__The task__. From the data that follows, print exactly the lines starting at the one containing "ball centred in" and ending at the one containing "with Suc.IH[OF w(1)"; include both of them and nothing more.

########################################

(* Let $t$ be a positive integer and let $G$ be a finite graph of NLC-width at most $t$. Then the 2VC-dimension of the hypergraph of balls in $G$ is at most $6t+2$.
   Context: The hypergraph of balls in $G$ has vertex set $V(G)$ and hyperedges all $B_G(c,r)=\{v:\mathrm{dist}_G(c,v)\le r\}$ for $c\in V(G)$ and integers $r$. A set $S\subseteq V(H)$ is 2-shattered by a hypergraph $H$ if for all distinct $s_1,s_2\in S$ there is $e\in E(H)$ with $e\cap S=\{s_1,s_2\}$; the 2VC-dimension of $H$ is the maximum size of a 2-shattered set. An NLC-decomposition of $G$ is a tuple $(T,Q,\alpha,\beta,R)$ where $T$ is a rooted binary tree (each node has at most one left and at most one right child) with leaf set $V(G)$, $Q$ is a finite label set, $\alpha:V(G)\to Q$, $\beta$ assigns to each 2-element subset of $V(T)$ a map $Q\to Q$, and $R$ assigns to each node a subset of $Q\times Q$, such that: (nlc1) if $u$ is an ancestor of $v\ne u$ and $u=u_0,\dots,u_n=v$ is the path between them, then $\beta(\{u_0,u_1\})\circ\cdots\circ\beta(\{u_{n-1},u_n\})=\beta(\{u,v\})$; (nlc2) for distinct $x,y\in V(G)$ with lowest common ancestor $u$, $x$ a descendant of the left child and $y$ of the right child of $u$, $xy\in E(G)$ iff $(\beta(\{u,x\})(\alpha(x)),\beta(\{u,y\})(\alpha(y)))\in R(u)$. The NLC-width of $G$ is the minimum $|Q|$ over NLC-decompositions of $G$. *)

theory Defs
  imports Main "HOL-Library.Sublist"
begin

definition graph :: "'a set \<Rightarrow> ('a \<Rightarrow> 'a \<Rightarrow> bool) \<Rightarrow> bool" where
  "graph V E \<longleftrightarrow> finite V \<and> (\<forall>x y. E x y \<longrightarrow> x \<in> V \<and> y \<in> V)
     \<and> (\<forall>x y. E x y \<longrightarrow> E y x) \<and> (\<forall>x. \<not> E x x)"

fun walk :: "'a set \<Rightarrow> ('a \<Rightarrow> 'a \<Rightarrow> bool) \<Rightarrow> nat \<Rightarrow> 'a \<Rightarrow> 'a \<Rightarrow> bool" where
  "walk V E 0 c v \<longleftrightarrow> c = v \<and> c \<in> V"
| "walk V E (Suc n) c v \<longleftrightarrow> (\<exists>w. walk V E n c w \<and> E w v \<and> v \<in> V)"

text \<open>Ball B_G(c,r) = {v. dist_G(c,v) \<le> r}; dist_G(c,v) \<le> r iff some walk of
  length at most r joins c and v (distance is infinite between components).\<close>
definition ball :: "'a set \<Rightarrow> ('a \<Rightarrow> 'a \<Rightarrow> bool) \<Rightarrow> 'a \<Rightarrow> int \<Rightarrow> 'a set" where
  "ball V E c r = {v \<in> V. \<exists>n. int n \<le> r \<and> walk V E n c v}"

definition ball_edges :: "'a set \<Rightarrow> ('a \<Rightarrow> 'a \<Rightarrow> bool) \<Rightarrow> 'a set set" where
  "ball_edges V E = {ball V E c r | c r. c \<in> V}"

definition two_shattered :: "'a set set \<Rightarrow> 'a set \<Rightarrow> bool" where
  "two_shattered H S \<longleftrightarrow>
     (\<forall>s1\<in>S. \<forall>s2\<in>S. s1 \<noteq> s2 \<longrightarrow> (\<exists>e\<in>H. e \<inter> S = {s1, s2}))"

definition vc2_dim :: "'a set \<Rightarrow> 'a set set \<Rightarrow> nat" where
  "vc2_dim V H = Max {card S | S. S \<subseteq> V \<and> two_shattered H S}"

text \<open>The rooted binary tree T is represented by its node set of addresses:
  a node is the list of left(False)/right(True) steps from the root.  T is a
  finite, prefix-closed set of bool lists containing the root []; the left
  child of u is u@[False], the right child u@[True]; u is an ancestor of v iff
  u is a prefix of v.\<close>
definition tree_leaves :: "bool list set \<Rightarrow> bool list set" where
  "tree_leaves T = {v \<in> T. \<not> (\<exists>w\<in>T. strict_prefix v w)}"

fun comp_path :: "(bool list set \<Rightarrow> nat \<Rightarrow> nat) \<Rightarrow> bool list list \<Rightarrow> nat \<Rightarrow> nat" where
  "comp_path \<beta> (x # y # rest) = \<beta> {x, y} \<circ> comp_path \<beta> (y # rest)"
| "comp_path \<beta> _ = id"

definition tree_path :: "bool list \<Rightarrow> bool list \<Rightarrow> bool list list" where
  "tree_path u v = map (\<lambda>i. take i v) [length u..<Suc (length v)]"

definition nlc_decomposition ::
  "'a set \<Rightarrow> ('a \<Rightarrow> 'a \<Rightarrow> bool) \<Rightarrow> bool list set \<Rightarrow> ('a \<Rightarrow> bool list) \<Rightarrow> nat set
   \<Rightarrow> ('a \<Rightarrow> nat) \<Rightarrow> (bool list set \<Rightarrow> nat \<Rightarrow> nat) \<Rightarrow> (bool list \<Rightarrow> (nat \<times> nat) set) \<Rightarrow> bool"
  where
  "nlc_decomposition V E T leaf Q \<alpha> \<beta> R \<longleftrightarrow>
     finite T \<and> [] \<in> T \<and> (\<forall>v\<in>T. \<forall>u. prefix u v \<longrightarrow> u \<in> T)
   \<and> bij_betw leaf V (tree_leaves T)
   \<and> finite Q
   \<and> (\<forall>x\<in>V. \<alpha> x \<in> Q)
   \<and> (\<forall>u\<in>T. \<forall>v\<in>T. u \<noteq> v \<longrightarrow> (\<forall>q\<in>Q. \<beta> {u, v} q \<in> Q))
   \<and> (\<forall>u\<in>T. R u \<subseteq> Q \<times> Q)
   \<comment> \<open>(nlc1)\<close>
   \<and> (\<forall>u\<in>T. \<forall>v\<in>T. strict_prefix u v \<longrightarrow>
        (\<forall>q\<in>Q. comp_path \<beta> (tree_path u v) q = \<beta> {u, v} q))
   \<comment> \<open>(nlc2)\<close>
   \<and> (\<forall>x\<in>V. \<forall>y\<in>V. \<forall>u\<in>T.
        prefix (u @ [False]) (leaf x) \<and> prefix (u @ [True]) (leaf y) \<longrightarrow>
        (E x y \<longleftrightarrow> (\<beta> {u, leaf x} (\<alpha> x), \<beta> {u, leaf y} (\<alpha> y)) \<in> R u))"

definition nlc_width :: "'a set \<Rightarrow> ('a \<Rightarrow> 'a \<Rightarrow> bool) \<Rightarrow> nat" where
  "nlc_width V E = (LEAST k. \<exists>T leaf Q \<alpha> \<beta> R.
       nlc_decomposition V E T leaf Q \<alpha> \<beta> R \<and> card Q = k)"

end

theory Submission
  imports Defs
begin

(*
  Let t = card Q for an NLC-decomposition and let S be 2-shattered by the balls; we show
  card S <= 3 t.  If card S > 3 t, take a deepest tree node u whose subtree contains more than
  t points of S.  Its children contain at most t each, so A = S \<inter> X, for X the vertices below u,
  has between t + 1 and 2 t points and B = S - X has more than t.  By (nlc1) and (nlc2),
  vertices of X with the same label at u have the same neighbours outside X, so the edges
  between X and V - X are governed by at most t classes on either side.  A walk from a centre
  outside X last enters X through one of these classes, hence a ball centred outside X that
  contains a point of A contains every point of A that is at most as far from that class.
  Each class has at most one strictly nearest point of A, and card A > t, so some a in A is
  never isolated by a ball centred outside X; symmetrically some b in B is never isolated by a
  ball centred in X.  Then no ball meets S in exactly {a, b}.
*)

lemma graph_sym: "graph V E \<Longrightarrow> E x y \<Longrightarrow> E y x"
  unfolding graph_def by blast

lemma graph_edge_in_vertices: "graph V E \<Longrightarrow> E x y \<Longrightarrow> x \<in> V \<and> y \<in> V"
  unfolding graph_def by blast

lemma walk_in_vertices: "walk V E n x y \<Longrightarrow> x \<in> V \<and> y \<in> V"
  by (induction n arbitrary: y) auto

lemma walk_mono: "walk W E n x y \<Longrightarrow> W \<subseteq> V \<Longrightarrow> walk V E n x y"
  by (induction n arbitrary: y) auto

lemma walk_append: "walk V E n x y \<Longrightarrow> walk V E m y z \<Longrightarrow> walk V E (n + m) x z"
  by (induction m arbitrary: z) auto

lemma walk_last_entry:
  assumes "walk V E n c a" "c \<notin> W" "a \<in> W"
  shows "\<exists>n1 y x n2. walk V E n1 c y \<and> y \<notin> W \<and> E y x \<and> x \<in> W \<and> walk W E n2 x a
           \<and> n = Suc n1 + n2"
  using assms
proof (induction n arbitrary: a)
  case 0
  then show ?case by simp
next
  case (Suc n)
  then obtain w where w: "walk V E n c w" "E w a" by auto
  show ?case
  proof (cases "w \<in> W")
    case True
    with Suc.IH[OF w(1) Suc.prems(2)] obtain n1 y x n2 where
      "walk V E n1 c y" "y \<notin> W" "E y x" "x \<in> W" "walk W E n2 x w" "n = Suc n1 + n2"
      by blast
    with w(2) Suc.prems(3) show ?thesis
      by (intro exI[of _ n1] exI[of _ y] exI[of _ x] exI[of _ "Suc n2"]) auto
  next
    case False
    with w Suc.prems(3) show ?thesis
      by (intro exI[of _ n] exI[of _ w] exI[of _ a] exI[of _ 0]) auto
  qed
qed

definition unique_nearest :: "'a set \<Rightarrow> ('a \<Rightarrow> 'a \<Rightarrow> bool) \<Rightarrow> 'a set \<Rightarrow> 'a set \<Rightarrow> 'a \<Rightarrow> bool" where
  "unique_nearest W E C A a \<longleftrightarrow> (\<exists>n. (\<exists>z\<in>C. walk W E n z a) \<and>
     (\<forall>a'\<in>A - {a}. \<forall>z\<in>C. \<forall>m\<le>n. \<not> walk W E m z a'))"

########################################

__Solution below__.
  ball centred in X.  Then no ball meets S in exactly {a, b}.
*)

lemma graph_sym: "graph V E \<Longrightarrow> E x y \<Longrightarrow> E y x"
  unfolding graph_def by blast

lemma graph_edge_in_vertices: "graph V E \<Longrightarrow> E x y \<Longrightarrow> x \<in> V \<and> y \<in> V"
  unfolding graph_def by blast

lemma walk_in_vertices: "walk V E n x y \<Longrightarrow> x \<in> V \<and> y \<in> V"
  by (induction n arbitrary: y) auto

lemma walk_mono: "walk W E n x y \<Longrightarrow> W \<subseteq> V \<Longrightarrow> walk V E n x y"
  by (induction n arbitrary: y) auto

lemma walk_append: "walk V E n x y \<Longrightarrow> walk V E m y z \<Longrightarrow> walk V E (n + m) x z"
  by (induction m arbitrary: z) auto

lemma walk_last_entry:
  assumes "walk V E n c a" "c \<notin> W" "a \<in> W"
  shows "\<exists>n1 y x n2. walk V E n1 c y \<and> y \<notin> W \<and> E y x \<and> x \<in> W \<and> walk W E n2 x a
           \<and> n = Suc n1 + n2"
  using assms
proof (induction n arbitrary: a)
  case 0
  then show ?case by simp
next
  case (Suc n)
  then obtain w where w: "walk V E n c w" "E w a" by auto
  show ?case
  proof (cases "w \<in> W")
    case True
    with Suc.IH[OF w(1) Suc.prems(2)] obtain n1 y x n2 where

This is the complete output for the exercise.